Это длинный текст. Пожалуйста, потерпите меня. Вопрос сводится к следующему: существует ли работоспособный алгоритм сортировки по основанию ?
предварительный
У меня есть огромное количество маленьких строк фиксированной длины, которые используют только буквы «A», «C», «G» и «T» (да, вы уже догадались: ДНК ), которые я хочу отсортировать.
На данный момент я использую, std::sort
который использует интросорт во всех распространенных реализациях STL . Это работает довольно хорошо. Тем не менее, я убежден, что радикальная сортировка идеально подходит для моей задачи и должна работать намного лучше на практике.
подробности
Я проверил это предположение с очень наивной реализацией и для относительно небольших входных данных (порядка 10000) это было правдой (ну, по крайней мере, более чем в два раза быстрее). Тем не менее, время выполнения ужасно ухудшается, когда размер проблемы становится больше ( N > 5 000 000).

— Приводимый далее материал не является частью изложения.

definition blocking_trajectory ::
  "real \<Rightarrow> real \<Rightarrow> real \<Rightarrow> (real \<Rightarrow> 'c::finite \<Rightarrow> real) \<Rightarrow> bool" where
  "blocking_trajectory s t thr y \<longleftrightarrow>
     (\<forall>i. continuous_on {0..} (\<lambda>tm. y tm i)) \<and>
     (\<forall>tm\<ge>0. \<forall>i. \<exists>\<epsilon>>0.
        (if pos y tm i = s \<and> real (num_in_S s t y tm) \<ge> thr
         then (\<forall>h\<in>{0..<\<epsilon>}. y (tm + h) i = y tm i)
         else (\<forall>h\<in>{0..<\<epsilon>}. y (tm + h) i = y tm i + h)))"

definition is_cluster :: "(real \<Rightarrow> 'c \<Rightarrow> real) \<Rightarrow> real \<Rightarrow> 'c set \<Rightarrow> bool" where
  "is_cluster y tm C \<longleftrightarrow> (\<exists>i. C = {j. pos y tm j = pos y tm i})"

definition critical_cluster :: "real \<Rightarrow> (real \<Rightarrow> 'c::finite \<Rightarrow> real) \<Rightarrow> real \<Rightarrow> 'c set \<Rightarrow> bool" where
  "critical_cluster thr y tm C \<longleftrightarrow> is_cluster y tm C \<and> real (card C) \<ge> thr"

definition persists :: "(real \<Rightarrow> 'c \<Rightarrow> real) \<Rightarrow> real \<Rightarrow> 'c set \<Rightarrow> bool" where
  "persists y tm0 C \<longleftrightarrow> (\<forall>tm\<ge>tm0. is_cluster y tm C)"

end

theory Submission
  imports Defs
begin
lemma coupled_recurrence_closed_form:
  fixes T t :: "nat \<Rightarrow> real"
  assumes T_0: "T 0 = 1" and t_0: "t 0 = 1"
    and T_Suc: "\<And>m. T (Suc m) = T m + 3 * t m"
    and t_Suc: "\<And>m. t (Suc m) = T (Suc m) + t m"
  shows "T n = 1/14 * ((7 + sqrt 21) * ((5 + sqrt 21)/2) ^ n + (7 - sqrt 21) * ((5 - sqrt 21)/2) ^ n)
       \<and> t n = 1 / sqrt 21 * (((5 + sqrt 21)/2) ^ (n + 1) - ((5 - sqrt 21)/2) ^ (n + 1))"
proof -
  define s where "s = sqrt (21::real)"
  define a where "a = (5 + s) / 2"
  define b where "b = (5 - s) / 2"
  have s: "s * s = 21" "s > 0"
    unfolding s_def by simp_all
  have "T n = (7 + s) / 14 * a ^ n + (7 - s) / 14 * b ^ n \<and> t n = (a ^ (n + 1) - b ^ (n + 1)) / s"
  proof (induction n)
    case 0
    show ?case
      using T_0 t_0 s unfolding a_def b_def by (simp add: field_simps)
  next
    case (Suc n)
    then have IH_T: "T n = (7 + s) / 14 * a ^ n + (7 - s) / 14 * b ^ n"
      and IH_t: "t n = (a ^ (n + 1) - b ^ (n + 1)) / s"
      by blast+
    have T_eq: "T (Suc n) = (7 + s) / 14 * a ^ Suc n + (7 - s) / 14 * b ^ Suc n"
    proof -
      have "T (Suc n) = a ^ n * ((7 + s) / 14 + 3 / s * a) + b ^ n * ((7 - s) / 14 - 3 / s * b)"
        unfolding T_Suc IH_T IH_t using s(2) by (simp add: field_simps)
      also have "(7 + s) / 14 + 3 / s * a = (7 + s) / 14 * a"
        unfolding a_def using s by (simp add: field_simps)
      also have "(7 - s) / 14 - 3 / s * b = (7 - s) / 14 * b"
        unfolding b_def using s by (simp add: field_simps)
      finally show ?thesis
        by (simp add: algebra_simps)
    qed
    have "t (Suc n) = a ^ Suc n * ((7 + s) / 14 + 1 / s) - b ^ Suc n * (1 / s - (7 - s) / 14)"
      unfolding t_Suc T_eq IH_t using s(2) by (simp add: field_simps)
    also have "(7 + s) / 14 + 1 / s = a / s"
      unfolding a_def using s by (simp add: field_simps)
    also have "1 / s - (7 - s) / 14 = b / s"
      unfolding b_def using s by (simp add: field_simps)
    finally show ?case
      using T_eq s(2) by (simp add: field_simps)
  qed
  then show ?thesis
    unfolding s_def a_def b_def by (simp add: field_simps)
qed
(* Let $S$ be a linearly dependent set of permutations, each of order larger than one. Then: (a) $S$ is not a singleton; (b) if $|S|=2$, then both permutations in $S$ have order two; (c) if $|S|=3$ and all permutations in $S$ have the same order, then this common order is three.
   Context: A $k$-permutation is a bijection of $[k]=\{1,\dots,k\}$. The gradient polynomial of a $k$-permutation $\pi$ is $P_\pi(\alpha,\beta)=k!\sum_{m\in[k]}\left(\frac{k-m}{1-\alpha}-\frac{m-1}{\alpha}\right)\left(\frac{k-\pi(m)}{1-\beta}-\frac{\pi(m)-1}{\beta}\right)\frac{\alpha^{m-1}(1-\alpha)^{k-m}\beta^{\pi(m)-1}(1-\beta)^{k-\pi(m)}}{(m-1)!(k-m)!(\pi(m)-1)!(k-\pi(m))!}$. A set $S$ of (distinct) permutations is called linearly dependent if the gradient polynomials $P_\pi$, $\pi\in S$, are linearly dependent over $\mathbb{R}$, i.e., there are reals $t_\pi$, not all zero, with $\sum_{\pi\in S}t_\pi P_\pi=0$. *)

theory Defs
  imports Complex_Main "HOL-Combinatorics.Permutations"
begin

text \<open>A permutation is represented as a pair (k, pi): its order k and a bijection
  pi of {1..k} (identity outside {1..k}, so pi is uniquely determined).\<close>

type_synonym kperm = "nat \<times> (nat \<Rightarrow> nat)"

definition is_kperm :: "kperm \<Rightarrow> bool" where
  "is_kperm p \<longleftrightarrow> snd p permutes {1..fst p}"

definition grad_poly :: "kperm \<Rightarrow> real \<Rightarrow> real \<Rightarrow> real" where
  "grad_poly p \<alpha> \<beta> =
    (let k = fst p; \<pi> = snd p in
     fact k * (\<Sum>m\<in>{1..k}.
        (real (k - m) / (1 - \<alpha>) - real (m - 1) / \<alpha>)
      * (real (k - \<pi> m) / (1 - \<beta>) - real (\<pi> m - 1) / \<beta>)
      * (\<alpha> ^ (m - 1) * (1 - \<alpha>) ^ (k - m) * \<beta> ^ (\<pi> m - 1) * (1 - \<beta>) ^ (k - \<pi> m))
      / (fact (m - 1) * fact (k - m) * fact (\<pi> m - 1) * fact (k - \<pi> m))))"

text \<open>Since the
  defining expression is a polynomial that is only literally defined for
  0 < alpha, beta < 1, identity of polynomials is tested on the open unit square
  (two polynomials agreeing on a nonempty open set are equal).\<close>

definition lin_dep :: "kperm set \<Rightarrow> bool" where
  "lin_dep S \<longleftrightarrow> (\<exists>t :: kperm \<Rightarrow> real. (\<exists>p\<in>S. t p \<noteq> 0) \<and>
     (\<forall>\<alpha> \<beta>. 0 < \<alpha> \<and> \<alpha> < 1 \<and> 0 < \<beta> \<and> \<beta> < 1 \<longrightarrow>
        (\<Sum>p\<in>S. t p * grad_poly p \<alpha> \<beta>) = 0))"

end

theory Submission
  imports Defs "HOL-Computational_Algebra.Polynomial"
begin

text \<open>
  The m-th summand of the gradient polynomial of pi factors as D_m(alpha) * D_(pi m)(beta), where
  D_m = grad_basis k m is the derivative of a^(m-1) (1-a)^(k-m) / ((m-1)! (k-m)!), i.e. the
  difference of two consecutive Bernstein polynomials of degree k - 2. Bernstein polynomials are
  linearly independent, so the only linear relation among D_1, ..., D_k is that they sum to zero.

  For permutations of one order k, a relation sum t_pi P_pi = 0 thus says that the matrix
  X = sum t_pi (permutation matrix of pi) has the form u_m + v_j. All row and column sums of X equal
  sum t_pi, so X is constant, and if |S| < k some entry of X is zero, hence X = 0. A vanishing
  combination of at most three distinct permutation matrices is trivial: every permutation with
  nonzero coefficient would have to agree at each position with another such permutation, and
  this needs at least four of them.

  For orders k < l, the coefficient of alpha^(l-2) only involves the permutation of order l and
  gives a relation among the top coefficients of D_1, ..., D_l, which are not all equal for
  l >= 3. Finally, there are only two permutations of order 2.
\<close>

section \<open>Bernstein polynomials and the gradient basis\<close>

(* bernstein_poly k j is the Bernstein basis polynomial of degree k - 2 and index j - 1,
   divided by (k - 2)!; it is zero unless 1 <= j < k. *)
definition bernstein_poly :: "nat \<Rightarrow> nat \<Rightarrow> real poly" where
  "bernstein_poly k j = (if 1 \<le> j \<and> j < k
     then smult (1 / (fact (j - 1) * fact (k - 1 - j))) (monom 1 (j - 1) * [:1, -1:] ^ (k - 1 - j))
     else 0)"

definition grad_basis :: "nat \<Rightarrow> nat \<Rightarrow> real poly" where
  "grad_basis k m = bernstein_poly k m - bernstein_poly k (m - 1)"

lemma poly_bernstein_poly:
  "poly (bernstein_poly k j) a =
     (if 1 \<le> j \<and> j < k then a ^ (j - 1) * (1 - a) ^ (k - 1 - j) / (fact (j - 1) * fact (k - 1 - j)) else 0)"
  by (simp add: bernstein_poly_def poly_monom)

lemma coeff_bernstein_poly:
  assumes "1 \<le> j" "j < k"
  shows "coeff (bernstein_poly k j) i =
    (if i < j - 1 then 0 else coeff ([:1, -1:] ^ (k - 1 - j)) (i - (j - 1)) / (fact (j - 1) * fact (k - 1 - j)))"
  using assms by (simp add: bernstein_poly_def coeff_monom_mult)

lemma coeff_bernstein_poly_lowest_neq_0:
  assumes "1 \<le> j" "j < k"
  shows "coeff (bernstein_poly k j) (j - 1) \<noteq> 0"
  using assms by (simp add: coeff_bernstein_poly coeff_0_power)

lemma degree_bernstein_poly_le: "degree (bernstein_poly k j) \<le> k - 2"
proof (cases "1 \<le> j \<and> j < k")
  case True
  have "degree (monom (1::real) (j - 1) * [:1, -1:] ^ (k - 1 - j)) \<le> (j - 1) + (k - 1 - j)"
    by (rule order.trans[OF degree_mult_le add_mono[OF degree_monom_le]])
       (rule order.trans[OF degree_power_le], simp)
  then show ?thesis
    using True degree_smult_le[of "1 / (fact (j - 1) * fact (k - 1 - j))" "monom (1::real) (j - 1) * [:1, -1:] ^ (k - 1 - j)"]
    by (simp add: bernstein_poly_def)
qed (auto simp: bernstein_poly_def)

lemma coeff_bernstein_poly_top:
  assumes "1 \<le> j" "j < k"
  shows "coeff (bernstein_poly k j) (k - 2) = (-1) ^ (k - 1 - j) / (fact (j - 1) * fact (k - 1 - j))"
proof -
  have "coeff ([:1, -1:] ^ n :: real poly) n = (-1) ^ n" for n
  proof -
    have "coeff ([:1, -1:] ^ n :: real poly) n = lead_coeff ([:1, -1:] ^ n :: real poly)"
      by (simp add: degree_power_eq)
    then show ?thesis by (simp add: lead_coeff_power)
  qed
  moreover have "k - 2 - (j - 1) = k - 1 - j" "\<not> k - 2 < j - 1" using assms by auto
  ultimately show ?thesis using assms by (simp add: coeff_bernstein_poly)
qed

lemma bernstein_poly_lin_indep:
  assumes zero: "(\<Sum>i\<in>{1..<k}. smult (c i) (bernstein_poly k i)) = 0"
    and j: "j \<in> {1..<k}"
  shows "c j = 0"
  using j
proof (induction j rule: less_induct)
  case (less j)
  have "(\<Sum>i\<in>{1..<k}. c i * coeff (bernstein_poly k i) (j - 1))
      = (\<Sum>i\<in>{1..<k}. if i = j then c j * coeff (bernstein_poly k j) (j - 1) else 0)"
  proof (rule sum.cong)
    fix i assume i: "i \<in> {1..<k}"
    show "c i * coeff (bernstein_poly k i) (j - 1) = (if i = j then c j * coeff (bernstein_poly k j) (j - 1) else 0)"
      using less.IH[OF _ i] less.prems i by (cases i j rule: linorder_cases) (auto simp: coeff_bernstein_poly)
  qed simp
  also have "\<dots> = c j * coeff (bernstein_poly k j) (j - 1)"
    using less.prems by simp
  finally have "c j * coeff (bernstein_poly k j) (j - 1) = 0"
    using arg_cong[OF zero, of "\<lambda>p. coeff p (j - 1)"] by (simp add: coeff_sum)
  then show ?case
    using coeff_bernstein_poly_lowest_neq_0 less.prems by auto
qed

lemma sum_smult_grad_basis:
  "(\<Sum>m\<in>{1..k}. smult (x m) (grad_basis k m))
     = (\<Sum>j\<in>{1..<k}. smult (x j - x (Suc j)) (bernstein_poly k j))"
proof (cases k)
  case 0
  then show ?thesis by simp
next
  case (Suc n)
  have upper: "(\<Sum>m\<in>{1..k}. smult (x m) (bernstein_poly k m)) = (\<Sum>m\<in>{1..<k}. smult (x m) (bernstein_poly k m))"
    using Suc by (simp add: atLeastLessThanSuc_atLeastAtMost[symmetric] bernstein_poly_def)
  have "(\<Sum>m\<in>{1..k}. smult (x m) (bernstein_poly k (m - 1)))
      = (\<Sum>m\<in>{Suc 0..<Suc k}. smult (x m) (bernstein_poly k (m - 1)))"
    by (simp add: atLeastLessThanSuc_atLeastAtMost)
  also have "\<dots> = (\<Sum>j\<in>{0..<k}. smult (x (Suc j)) (bernstein_poly k j))"
    by (subst sum.shift_bounds_Suc_ivl) simp
  also have "\<dots> = (\<Sum>j\<in>{1..<k}. smult (x (Suc j)) (bernstein_poly k j))"
    using Suc by (simp add: sum.atLeast_Suc_lessThan bernstein_poly_def)
  finally have lower: "(\<Sum>m\<in>{1..k}. smult (x m) (bernstein_poly k (m - 1)))
      = (\<Sum>j\<in>{1..<k}. smult (x (Suc j)) (bernstein_poly k j))" .
  show ?thesis
    by (simp only: grad_basis_def smult_diff_right smult_diff_left sum_subtractf upper lower)
qed

lemma grad_basis_comb_eq_0_imp_const:
  assumes "(\<Sum>m\<in>{1..k}. smult (x m) (grad_basis k m)) = 0" and "m \<in> {1..k}"
  shows "x m = x 1"
proof -
  have "1 \<le> m" "m \<le> k" using assms(2) by auto
  then show ?thesis
  proof (induction m rule: dec_induct)
    case (step n)
    have "(\<Sum>j\<in>{1..<k}. smult (x j - x (Suc j)) (bernstein_poly k j)) = 0"
      using assms(1) by (simp only: sum_smult_grad_basis)
    then have "x n - x (Suc n) = 0"
      using bernstein_poly_lin_indep[of "\<lambda>j. x j - x (Suc j)" k n] step by simp
    with step show ?case by simp
  qed simp
qed

lemma sum_grad_basis: "(\<Sum>m\<in>{1..k}. grad_basis k m) = 0"
  using sum_smult_grad_basis[of "\<lambda>_. 1" k] by simp

lemma grad_basis_comb_permuted_eq_0_imp_const:
  assumes \<sigma>: "\<sigma> permutes {1..k}"
    and zero: "(\<Sum>m\<in>{1..k}. smult (x m) (grad_basis k (\<sigma> m))) = 0" and m: "m \<in> {1..k}"
  shows "x m = x 1"
proof -
  have "(\<Sum>j\<in>{1..k}. smult (x (inv \<sigma> j)) (grad_basis k j)) = 0"
    using zero sum.reindex_bij_betw[OF permutes_imp_bij[OF \<sigma>], of "\<lambda>j. smult (x (inv \<sigma> j)) (grad_basis k j)"]
    by (simp add: permutes_inverses(2)[OF \<sigma>])
  then have "x (inv \<sigma> j) = x (inv \<sigma> 1)" if "j \<in> {1..k}" for j
    using grad_basis_comb_eq_0_imp_const[of "\<lambda>j. x (inv \<sigma> j)", OF _ that] by simp
  moreover have "\<sigma> m \<in> {1..k}" "\<sigma> 1 \<in> {1..k}"
    using m by (subst permutes_in_image[OF \<sigma>], simp)+
  ultimately show ?thesis
    by (metis permutes_inverses(2)[OF \<sigma>])
qed

lemma degree_grad_basis_le: "degree (grad_basis k m) \<le> k - 2"
  unfolding grad_basis_def by (intro degree_diff_le degree_bernstein_poly_le)

lemma poly_eq_0_if_zero_on_infinite:
  fixes p :: "'a::idom poly"
  assumes "\<And>x. x \<in> A \<Longrightarrow> poly p x = 0" and "infinite A"
  shows "p = 0"
proof (rule ccontr)
  assume "p \<noteq> 0"
  then have "finite {x. poly p x = 0}" by (rule poly_roots_finite)
  moreover have "A \<subseteq> {x. poly p x = 0}" using assms(1) by auto
  ultimately show False using assms(2) finite_subset by blast
qed

(* The left-hand side is the derivative of a ^ (m - 1) * (1 - a) ^ (k - m) / ((m - 1)! * (k - m)!). *)
lemma poly_grad_basis:
  assumes a: "0 < a" "a < 1" and m: "m \<in> {1..k}"
  shows "(real (k - m) / (1 - a) - real (m - 1) / a) * (a ^ (m - 1) * (1 - a) ^ (k - m))
           / (fact (m - 1) * fact (k - m)) = poly (grad_basis k m) a"
proof -
  have "1 - a \<noteq> 0" "a \<noteq> 0" using a by auto
  have "real (k - m) / (1 - a) * (a ^ (m - 1) * (1 - a) ^ (k - m)) / (fact (m - 1) * fact (k - m))
      = poly (bernstein_poly k m) a"
  proof (cases "m < k")
    case True
    then obtain n where n: "k - m = Suc n" by (metis Suc_diff_Suc)
    then have "k - 1 - m = n" by simp
    then have "poly (bernstein_poly k m) a = a ^ (m - 1) * (1 - a) ^ n / (fact (m - 1) * fact n)"
      using True m by (simp add: poly_bernstein_poly)
    moreover have "real (Suc n) / (1 - a) * (a ^ (m - 1) * (1 - a) ^ Suc n) / (fact (m - 1) * fact (Suc n))
        = a ^ (m - 1) * (1 - a) ^ n / (fact (m - 1) * fact n)"
      using \<open>1 - a \<noteq> 0\<close> by (simp add: fact_Suc power_Suc field_simps del: of_nat_Suc)
    ultimately show ?thesis by (simp only: n)
  qed (use m in \<open>simp add: poly_bernstein_poly\<close>)
  moreover have "real (m - 1) / a * (a ^ (m - 1) * (1 - a) ^ (k - m)) / (fact (m - 1) * fact (k - m))
      = poly (bernstein_poly k (m - 1)) a"
  proof (cases "2 \<le> m")
    case True
    then obtain n where n: "m - 1 = Suc n" by (metis Suc_diff_Suc Suc_1 Suc_le_lessD)
    have "1 \<le> m - 1 \<and> m - 1 < k" "m - 1 - 1 = n" "k - 1 - (m - 1) = k - m" using True m n by auto
    then have "poly (bernstein_poly k (m - 1)) a = a ^ n * (1 - a) ^ (k - m) / (fact n * fact (k - m))"
      by (simp only: poly_bernstein_poly simp_thms if_True)
    moreover have "real (Suc n) / a * (a ^ Suc n * (1 - a) ^ (k - m)) / (fact (Suc n) * fact (k - m))
        = a ^ n * (1 - a) ^ (k - m) / (fact n * fact (k - m))"
      using \<open>a \<noteq> 0\<close> by (simp add: fact_Suc power_Suc field_simps del: of_nat_Suc)
    ultimately show ?thesis by (simp only: n)
  qed (use m in \<open>simp add: poly_bernstein_poly\<close>)
  ultimately show ?thesis
    by (simp add: grad_basis_def left_diff_distrib diff_divide_distrib)
qed
lemma max_independent_set_eq_cylinder:
  assumes conn: "\<And>k. k \<in> {l+1..n} \<Longrightarrow> connected_graph (V k) (E k)"
    and "l \<le> m" "m \<le> n" and "max_independent_set (PV m) (PE m) S"
  shows "\<exists>T. max_independent_set (PV l) (PE l) T \<and> S = cylinder m T"
  using assms(2-4)
proof (induction m arbitrary: S rule: dec_induct)
  case base
  then show ?case using cylinder_self[OF max_independent_set_subset] by metis
next
  case (step m)
  have m: "m < n" and i: "Suc m \<in> {1..n}" "Suc m \<in> {l+1..n}" using step by auto
  interpret graph_iso "PV (Suc m)" "PE (Suc m)" "PV m \<times> V (Suc m)"
    "direct_prod_E (PE m) (E (Suc m))" "\<lambda>x. (restrict x {1..m}, x (Suc m))"
    using graph_iso_PV_Suc[OF m] .
  have "m \<le> n" using m by simp
  obtain J where J: "max_independent_set (PV m) (PE m) J"
    and image_eq: "(\<lambda>x. (restrict x {1..m}, x (Suc m))) ` S = J \<times> V (Suc m)"
    using max_independent_set_direct_prod_eq_times[OF finite_sym_PV[OF \<open>m \<le> n\<close>]
        finite_sym_V[OF i(1)] nbhd_ratio_bound_PV[OF \<open>m \<le> n\<close>] nbhd_ratio_bound_V[OF i(1)]
        max_independent_set_image[OF step.prems(2)] indep_number_factor_lt[OF step(1) m]
        conn[OF i(2)]]
    by blast
  obtain T where T: "max_independent_set (PV l) (PE l) T" and "J = cylinder m T"
    using step.IH[OF \<open>m \<le> n\<close> J] by blast
  then have "S = cylinder (Suc m) T"
    using vimage_image_eq[OF max_independent_set_subset[OF step.prems(2)]] image_eq
      cylinder_Suc[OF step(1) m] by simp
  then show ?case using T by blast
qed

lemma MIS_normal_n_iff:
  "MIS_normal {1..n} V E \<longleftrightarrow> (\<forall>S. max_independent_set (PV n) (PE n) S \<longrightarrow>
     (\<exists>i\<in>{1..n}. \<exists>T. independent_set (V i) (E i) T \<and> S = {x \<in> PV n. x i \<in> T}))"
  using l_range unfolding MIS_normal_def by simp

lemma PV_nonempty: "m \<le> n \<Longrightarrow> PV m \<noteq> {}"
  using card_PV_pos by force

lemma not_independent_PV: "m \<le> n \<Longrightarrow> \<not> independent_set (PV m) (PE m) (PV m)"
proof
  assume "m \<le> n" "independent_set (PV m) (PE m) (PV m)"
  have "\<forall>i\<in>{1..m}. \<exists>p. fst p \<in> V i \<and> snd p \<in> V i \<and> E i (fst p) (snd p)"
    using nonempty \<open>m \<le> n\<close> unfolding nonempty_graph_def by fastforce
  then obtain p where p: "\<And>i. i \<in> {1..m} \<Longrightarrow> fst (p i) \<in> V i \<and> snd (p i) \<in> V i \<and> E i (fst (p i)) (snd (p i))"
    by metis
  have "restrict (fst \<circ> p) {1..m} \<in> PV m" "restrict (snd \<circ> p) {1..m} \<in> PV m"
    "PE m (restrict (fst \<circ> p) {1..m}) (restrict (snd \<circ> p) {1..m})"
    using p by (auto simp: prod_V_def prod_E_def)
  then show False using \<open>independent_set (PV m) (PE m) (PV m)\<close> unfolding independent_set_def by blast
qed

lemma max_independent_set_PV_nonempty:
  assumes "1 \<le> m" "m \<le> n" "max_independent_set (PV m) (PE m) T"
  shows "T \<noteq> {}"
proof -
  obtain x where "x \<in> PV m" using PV_nonempty assms by blast
  moreover have "\<not> E 1 a a" for a
    using graphs[of 1] l_range unfolding simple_graph_def by auto
  moreover have "\<not> PE m x x" unfolding prod_E_def using assms(1) \<open>\<And>a. \<not> E 1 a a\<close> by force
  ultimately have "independent_set (PV m) (PE m) {x}"
    by (simp add: independent_set_def)
  then show ?thesis
    using card_le_indep_number[OF finite_PV] assms by (force simp: max_independent_set_def)
qed

lemma restrict_PV: "x \<in> PV n \<Longrightarrow> restrict x {1..l} \<in> PV l"
  using l_range unfolding prod_V_def by (auto simp: PiE_iff)

lemma cylinder_coordinate:
  "i \<in> {1..l} \<Longrightarrow> cylinder n {y \<in> PV l. y i \<in> T} = {x \<in> PV n. x i \<in> T}"
  unfolding cylinder_def using restrict_PV by auto

lemma max_independent_set_PV_l_coordinate:
  assumes normal: "MIS_normal {1..l} V E" and T: "max_independent_set (PV l) (PE l) T"
  shows "\<exists>i\<in>{1..l}. \<exists>T'. independent_set (V i) (E i) T' \<and> T = {y \<in> PV l. y i \<in> T'}"
proof (cases "l = 1")
  case True
  interpret graph_iso "PV 1" "PE 1" "V 1" "E 1" "\<lambda>y. y 1"
    using graph_iso_prod_singleton[of V 1 E] finite_V l_range by simp
  have T1: "max_independent_set (PV 1) (PE 1) T" using T True by simp
  show ?thesis
    using True T1 independent_set_image vimage_image_eq[OF max_independent_set_subset[OF T1]]
    by (auto simp: max_independent_set_def)
next
  case False
  then show ?thesis using normal T unfolding MIS_normal_def by simp
qed

theorem MIS_normal_if:
  assumes normal: "MIS_normal {1..l} V E"
    and conn: "\<And>k. k \<in> {l+1..n} \<Longrightarrow> connected_graph (V k) (E k)"
  shows "MIS_normal {1..n} V E"
  unfolding MIS_normal_n_iff
proof (intro allI impI)
  fix S assume "max_independent_set (PV n) (PE n) S"
  then obtain T where T: "max_independent_set (PV l) (PE l) T" and S: "S = cylinder n T"
    using max_independent_set_eq_cylinder[OF conn less_imp_le[OF l_range(2)] order_refl] by blast
  then obtain i T' where "i \<in> {1..l}" "independent_set (V i) (E i) T'" "T = {y \<in> PV l. y i \<in> T'}"
    using max_independent_set_PV_l_coordinate[OF normal] by blast
  then show "\<exists>i\<in>{1..n}. \<exists>T. independent_set (V i) (E i) T \<and> S = {x \<in> PV n. x i \<in> T}"
    using S cylinder_coordinate l_range by (intro bexI[of _ i]) auto
qed

definition glue :: "(nat \<Rightarrow> 'a) \<Rightarrow> (nat \<Rightarrow> 'a) \<Rightarrow> nat \<Rightarrow> 'a" where
  "glue y z j = (if j \<in> {1..l} then y j else z j)"

lemma glue_PV: "y \<in> PV l \<Longrightarrow> z \<in> PV n \<Longrightarrow> glue y z \<in> PV n"
  using l_range unfolding glue_def prod_V_def by (auto simp: PiE_iff extensional_def)

lemma glue_in_cylinder: "y \<in> PV l \<Longrightarrow> z \<in> PV n \<Longrightarrow> glue y z \<in> cylinder n T \<longleftrightarrow> y \<in> T"
proof -
  assume y: "y \<in> PV l" and z: "z \<in> PV n"
  have "restrict (glue y z) {1..l} = y"
    using y unfolding glue_def prod_V_def by (auto simp: PiE_iff extensional_def fun_eq_iff)
  then show ?thesis using glue_PV[OF y z] unfolding cylinder_def by simp
qed

theorem MIS_normal_l_if_n:
  assumes normal: "MIS_normal {1..n} V E"
  shows "MIS_normal {1..l} V E"
proof (cases "l = 1")
  case False
  have "\<exists>i\<in>{1..l}. \<exists>T'. independent_set (V i) (E i) T' \<and> T = {y \<in> PV l. y i \<in> T'}"
    if T: "max_independent_set (PV l) (PE l) T" for T
  proof -
    have "max_independent_set (PV n) (PE n) (cylinder n T)"
      using max_independent_set_cylinder[OF _ _ T] l_range by simp
    then obtain i T' where "i \<in> {1..n}" and T': "independent_set (V i) (E i) T'"
      and S: "cylinder n T = {x \<in> PV n. x i \<in> T'}"
      using normal unfolding MIS_normal_n_iff by blast
    have i: "i \<in> {1..l}"
    proof (rule ccontr)
      assume "i \<notin> {1..l}"
      obtain y0 where y0: "y0 \<in> T"
        using max_independent_set_PV_nonempty[OF _ _ T] l_range by auto
      have "x \<in> cylinder n T" if x: "x \<in> PV n" for x
      proof -
        have "glue y0 x \<in> cylinder n T"
          using glue_in_cylinder x y0 max_independent_set_subset[OF T] by blast
        moreover have "glue y0 x i = x i" using \<open>i \<notin> {1..l}\<close> unfolding glue_def by auto
        ultimately have "x i \<in> T'" using S by auto
        then show ?thesis using S x by blast
      qed
      then have "cylinder n T = PV n" unfolding cylinder_def by blast
      then show False
        using \<open>max_independent_set (PV n) (PE n) (cylinder n T)\<close> not_independent_PV
        by (simp add: max_independent_set_def)
    qed
    obtain z0 where z0: "z0 \<in> PV n" using PV_nonempty by blast
    have "y \<in> T \<longleftrightarrow> y i \<in> T'" if "y \<in> PV l" for y
      using glue_in_cylinder[OF that z0, of T] glue_PV[OF that z0] S i by (auto simp: glue_def)
    then have "T = {y \<in> PV l. y i \<in> T'}" using max_independent_set_subset[OF T] by blast
    then show ?thesis using i T' by blast
  qed
  then show ?thesis using False by (simp add: MIS_normal_def)
qed (simp add: MIS_normal_def)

Причина очевидна: радикальная сортировка требует копирования всех данных (на самом деле, не раз в моей наивной реализации). Это означает, что я поместил ~ 4 ГиБ в мою основную память, что, очевидно, снижает производительность. Даже если это не так, я не могу позволить себе использовать столько памяти, поскольку размеры проблем на самом деле становятся еще больше.
Случаи использования
В идеале этот алгоритм должен работать с любой длиной строки от 2 до 100, для ДНК, а также для ДНК5 (которая допускает дополнительный подстановочный знак «N»), или даже для ДНК с кодами неоднозначности IUPAC (в результате получается 16 различных значений). Тем не менее, я понимаю, что все эти случаи не могут быть покрыты, поэтому я доволен любым улучшением скорости, которое я получаю. Код может динамически решать, какой алгоритм отправить.
Исследовательская работа
К сожалению, статья в Википедии о радикальной сортировке бесполезна. Раздел о варианте на месте - полная чушь. Раздел NIST-DADS для сортировки по основанию почти отсутствует. Есть многообещающая статья под названием « Эффективная адаптивная сортировка по месту нахождения радиксов», в которой описывается алгоритм «MSL». К сожалению, эта статья тоже разочаровывает.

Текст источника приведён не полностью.